Siz gurmeler arasında bir çekişme var mı?

Ben rakının balıkla ve kebabla içilmesinin yanlış olduğunu savunuyorum. Rakı yemek içkisi değildir, meze içkisidir. Rakı ile balığın tüketim hızı birbirinin aksidir. Rakı yudum yudum içilir. Balığı rakının hızıyla yerseniz, balık soğur. Balığı hızlı yiyip rakıyı da hızlı içeyim derseniz sarhoş olursunuz. Arada böyle bir uyumsuzluk var. Rakının buzu, kebabın yağını da dondurur. Kebapla, balığın yanında ise şarap içilir. Kebabın acılığı ile şarabın yarı tatlı tadı çok iyi gider. Balığın yanına soğutulmuş Roze şarap çok güzel gider. Bizim gurmeler arasında böyle bir savaş var. Yağı sen fazla savunuyorsun, sen fazla sebzecisin gibi kaşıkçı kavgaları.


Yemek yazarı olduğunuz için size özel davranıyorlar mı restoranlarda?
Yurt dışında yeme içme yazıları yazanları tanımazlar.
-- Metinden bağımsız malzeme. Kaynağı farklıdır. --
(* Let $v$ be a nonzero integer, $t$ a positive rational number, and $f(a)=(a^v,q^t/a^v;q^t)_\infty$. Suppose that $f(aq^\alpha)=\dfrac{1}{(-1)^\rho a^w q^s}f(a)$ for some $\alpha,w\in\mathbb Z$, $\rho\in\{0,1\}$, $s\in\mathbb Q$. Then $v$ divides $w$, and $\alpha v$ is an integer multiple of $t$.
   Context: $|q|<1$ and $(x;q)_\infty=\prod_{k\ge0}(1-xq^k)$, $(x,y;q)_\infty=(x;q)_\infty(y;q)_\infty$. *)

theory Defs
  imports "HOL-Analysis.Analysis"
begin

definition qpoch :: "complex \<Rightarrow> complex \<Rightarrow> complex" where
  "qpoch x q = (\<Prod>k. 1 - x * q ^ k)"

definition ftheta :: "int \<Rightarrow> rat \<Rightarrow> complex \<Rightarrow> complex \<Rightarrow> complex" where
  "ftheta v t q a =
     qpoch (a powi v) (q powr of_real (of_rat t)) *
     qpoch (q powr of_real (of_rat t) / a powi v) (q powr of_real (of_rat t))"

end

theory Submission
  imports Defs
begin

text \<open>With \<open>p = q^t\<close> and \<open>\<theta>(x) = (x, p/x; p)\<^sub>\<infinity>\<close> we have \<open>f(a) = \<theta>(a^v)\<close>, and \<open>\<theta>\<close> vanishes
  exactly at the integer powers of \<open>p\<close>. Putting \<open>a = 1\<close> in the functional equation kills the
  right-hand side, so \<open>q^{\<alpha>v}\<close> is a power \<open>p^k = q^{kt}\<close>, and comparing moduli gives \<open>\<alpha>v = kt\<close>.
  Replacing \<open>a\<close> by \<open>a\<zeta>\<close> with \<open>\<zeta> = e^{2\<pi>i/v}\<close> leaves the left-hand side unchanged; choosing \<open>a^v = -1\<close>,
  where \<open>\<theta>\<close> does not vanish, forces \<open>\<zeta>^w = 1\<close>, i.e. \<open>v | w\<close>.\<close>

lemma qpoch_has_prod:
  assumes "norm p < 1"
  shows "(\<lambda>k. 1 - x * p ^ k) has_prod qpoch x p"
proof -
  have "summable (\<lambda>k. norm x * norm p ^ k)"
    using assms by (intro summable_mult summable_geometric) auto
  then have "summable (\<lambda>k. norm ((1 - x * p ^ k) - 1))"
    by (simp add: norm_mult norm_power)
  then have "convergent_prod (\<lambda>k. 1 - x * p ^ k)"
    by (intro abs_convergent_prod_imp_convergent_prod summable_imp_abs_convergent_prod)
  then show ?thesis
    unfolding qpoch_def by (simp add: convergent_prod_has_prod_iff)
qed

lemma qpoch_eq_0_iff:
  assumes "norm p < 1"
  shows "qpoch x p = 0 \<longleftrightarrow> (\<exists>k. x * p ^ k = 1)"
  using has_prod_eq_0_iff[OF qpoch_has_prod[OF assms]] by (auto simp: eq_commute[of 0])

lemma qpoch_nonzero:
  assumes "norm p < 1" "norm x \<le> 1" "x \<noteq> 1"
  shows "qpoch x p \<noteq> 0"
proof
  assume "qpoch x p = 0"
  then obtain k where k: "x * p ^ k = 1"
    using qpoch_eq_0_iff[OF assms(1)] by blast
  with assms(3) obtain m where "k = Suc m" by (cases k) auto
  have "norm p ^ Suc m < 1"
    using assms(1) power_Suc_le_self[of "norm p" m] by simp
  then have "norm x * norm p ^ k < 1"
    using assms(2) \<open>k = Suc m\<close> mult_left_le_one_le[of "norm p ^ k" "norm x"] by simp
  then have "norm (x * p ^ k) < 1"
    by (simp add: norm_mult norm_power)
  with k show False by simp
qed

definition qtheta :: "complex \<Rightarrow> complex \<Rightarrow> complex" where
  "qtheta x p = qpoch x p * qpoch (p / x) p"

lemma ftheta_eq_qtheta: "ftheta v t q a = qtheta (a powi v) (q powr of_real (of_rat t))"
  unfolding ftheta_def qtheta_def ..

lemma qtheta_1_eq_0: "norm p < 1 \<Longrightarrow> qtheta 1 p = 0"
  unfolding qtheta_def by (metis mult_1 mult_zero_left power_0 qpoch_eq_0_iff)

lemma qtheta_minus_1_nonzero:
  assumes "norm p < 1"
  shows "qtheta (-1) p \<noteq> 0"
proof -
  have "norm (- p) < 1" "- p \<noteq> 1"
    using assms by (auto simp: minus_equation_iff[of p])
  with assms show ?thesis
    unfolding qtheta_def by (simp add: qpoch_nonzero)
qed

lemma qtheta_eq_0_imp_power_int:
  assumes "norm p < 1" "p \<noteq> 0" "qtheta x p = 0"
  shows "\<exists>k::int. x = p powi k"
proof -
  from assms(3) have "qpoch x p = 0 \<or> qpoch (p / x) p = 0"
    unfolding qtheta_def by simp
  then consider k where "x * p ^ k = 1" | k where "p / x * p ^ k = 1"
    unfolding qpoch_eq_0_iff[OF assms(1)] by blast
  then show ?thesis
  proof cases
    case (1 k)
    then have "x = p powi (- int k)"
      using assms(2) by (simp add: power_int_minus field_simps)
    then show ?thesis ..
  next
    case (2 k)
    then have "x \<noteq> 0" by auto
    with 2 have "x = p ^ Suc k"
      by (simp add: field_simps)
    then have "x = p powi int (Suc k)"
      by (simp only: power_int_of_nat)
    then show ?thesis ..
  qed
qed

lemma power_int_eq_powr_power_int_imp_eq:
  fixes q :: complex and m k :: int and r :: real
  assumes "q \<noteq> 0" "norm q \<noteq> 1" "q powi m = (q powr of_real r) powi k"
  shows "of_int m = of_int k * r"
proof -
  have "norm q powr of_int m = norm q powr (of_int k * r)"
    using arg_cong[OF assms(3), of norm] assms(1)
    by (simp add: norm_power_int norm_powr_real_powr' powr_real_of_int'[symmetric] powr_powr mult.commute)
  with assms(1,2) show ?thesis
    by (simp add: powr_inj)
qed

lemma root_of_unity_power_int_eq_1_imp_dvd:
  fixes v w :: int
  assumes "v \<noteq> 0" "exp (2 * pi * \<i> / of_int v) powi w = 1"
  shows "v dvd w"
proof -
  obtain n :: int where "2 * pi * w / v = 2 * pi * n"
    using assms(2) unfolding exp_power_int exp_eq_1 by (auto simp: field_simps)
  with assms(1) have "w = n * v"
    by (simp add: field_simps flip: of_int_mult)
  then show ?thesis by simp
qed

lemma qtheta_quasiperiodic_imp_dvd:
  fixes v w :: int
  assumes "v \<noteq> 0" "norm p < 1" "c \<noteq> 0"
    and shift: "\<And>a. a \<noteq> 0 \<Longrightarrow> qtheta (a powi v * Q) p = qtheta (a powi v) p / (a powi w * c)"
  shows "v dvd w"
proof -
  \<comment> \<open>Both \<open>a\<close> and \<open>a z\<close> are \<open>v\<close>-th roots of \<open>-1\<close>, so the shift relation gives two quotients
    of the same nonzero value \<open>qtheta (-1) p\<close>; their factors differ exactly by \<open>z powi w\<close>.\<close>
  define a where "a = exp (pi * \<i> / of_int v)"
  define z where "z = exp (2 * pi * \<i> / of_int v)"
  have "a \<noteq> 0" "z \<noteq> 0"
    by (simp_all add: a_def z_def)
  have "a powi v = -1" "z powi v = 1"
    using assms(1) by (simp_all add: a_def z_def exp_power_int exp_eq_1)
  then have "qtheta (-1) p / (a powi w * c) = qtheta (-1) p / (a powi w * c * z powi w)"
    using shift[of a] shift[of "a * z"] \<open>a \<noteq> 0\<close> \<open>z \<noteq> 0\<close>
    by (simp add: power_int_mult_distrib mult_ac)
  with qtheta_minus_1_nonzero[OF assms(2)] \<open>a \<noteq> 0\<close> assms(3) have "z powi w = 1"
    by (simp add: field_simps)
  with assms(1) show ?thesis
    unfolding z_def by (rule root_of_unity_power_int_eq_1_imp_dvd)
qed

theorem lemma2p2:
  fixes q :: complex and v \<alpha> w :: int and t s :: rat and \<rho> :: nat
  assumes "0 < norm q" and "norm q < 1"
    and "v \<noteq> 0" and "t > 0" and "\<rho> \<in> {0, 1}"
    and "\<forall>a::complex. a \<noteq> 0 \<longrightarrow>
           ftheta v t q (a * q powi \<alpha>) =
           ftheta v t q a / ((-1) ^ \<rho> * a powi w * q powr of_real (of_rat s))"
  shows "v dvd w \<and> (\<exists>k::int. of_int (\<alpha> * v) = of_int k * t)"
proof
  \<comment> \<open>The sign \<open>(-1) ^ \<rho>\<close> is absorbed into the nonzero constant \<open>c\<close>.\<close>
  define p where "p = q powr of_real (of_rat t)"
  define c where "c = (-1) ^ \<rho> * q powr of_real (of_rat s)"
  have "q \<noteq> 0" using assms(1) by auto
  have "norm p < 1"
    using powr_less_mono2[of "of_rat t" "norm q" 1] assms(2,4)
    by (simp add: p_def norm_powr_real_powr')
  have "p \<noteq> 0" "c \<noteq> 0"
    using \<open>q \<noteq> 0\<close> by (simp_all add: p_def c_def)
  have shift: "qtheta (a powi v * q powi (\<alpha> * v)) p = qtheta (a powi v) p / (a powi w * c)"
    if "a \<noteq> 0" for a
    using assms(6) that
    by (simp add: ftheta_eq_qtheta p_def c_def power_int_mult_distrib power_int_mult mult_ac)
  then show "v dvd w"
    using qtheta_quasiperiodic_imp_dvd assms(3) \<open>norm p < 1\<close> \<open>c \<noteq> 0\<close> by blast
  have "qtheta (q powi (\<alpha> * v)) p = 0"
    using shift[of 1] qtheta_1_eq_0[OF \<open>norm p < 1\<close>] by simp
  then obtain k where "q powi (\<alpha> * v) = p powi k"
    using qtheta_eq_0_imp_power_int \<open>norm p < 1\<close> \<open>p \<noteq> 0\<close> by blast
  then have "of_int (\<alpha> * v) = of_int k * (of_rat t :: real)"
    using power_int_eq_powr_power_int_imp_eq[of q] \<open>q \<noteq> 0\<close> assms(2) unfolding p_def
    by (metis less_irrefl)
  then have "of_int (\<alpha> * v) = of_int k * t"
    by (metis of_rat_eq_iff of_rat_mult of_rat_of_int_eq)
  then show "\<exists>k::int. of_int (\<alpha> * v) = of_int k * t" ..
qed

end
Fotoğrafları çıkmaz. Şimdi bir lokantaya gittiğimde ben geldim diye servis çok güzel, lezzetli yemekler geliyor ve hakkında iyi şeyler yazıyorum. Başka müşteri gittiğinde hayal kırıklığı yaşıyor ve ben rezil oluyorum. Bir başka yanlış ‘gurme’ lafında. Ülkemizde gurme fazla yok. Gurmelik kolay bir iş değil. Gurmelik, iyi yemek yiyen insan demek değildir.
Gurmelik için dört yıl yüksek okulunu okumak lâzım. Mutfak bilgisi, mutfak idaresi, malzeme kullanımı, mutfak ekonomisi, hangi malzeme yan yana gelmeli gibi şeyler öğrenirler. Bizde ise bunları bilenlerin sayısı bir elin parmağını geçmez. Onun için herkese gurme denmemeli. Gurman, boğazına düşkün demek gurme ise yemek kültürünün her şeyini bilen insan demek. O yüzden bize gurme yerine ‘damağına düşkün insan’ gurman demek çok daha doğru olur.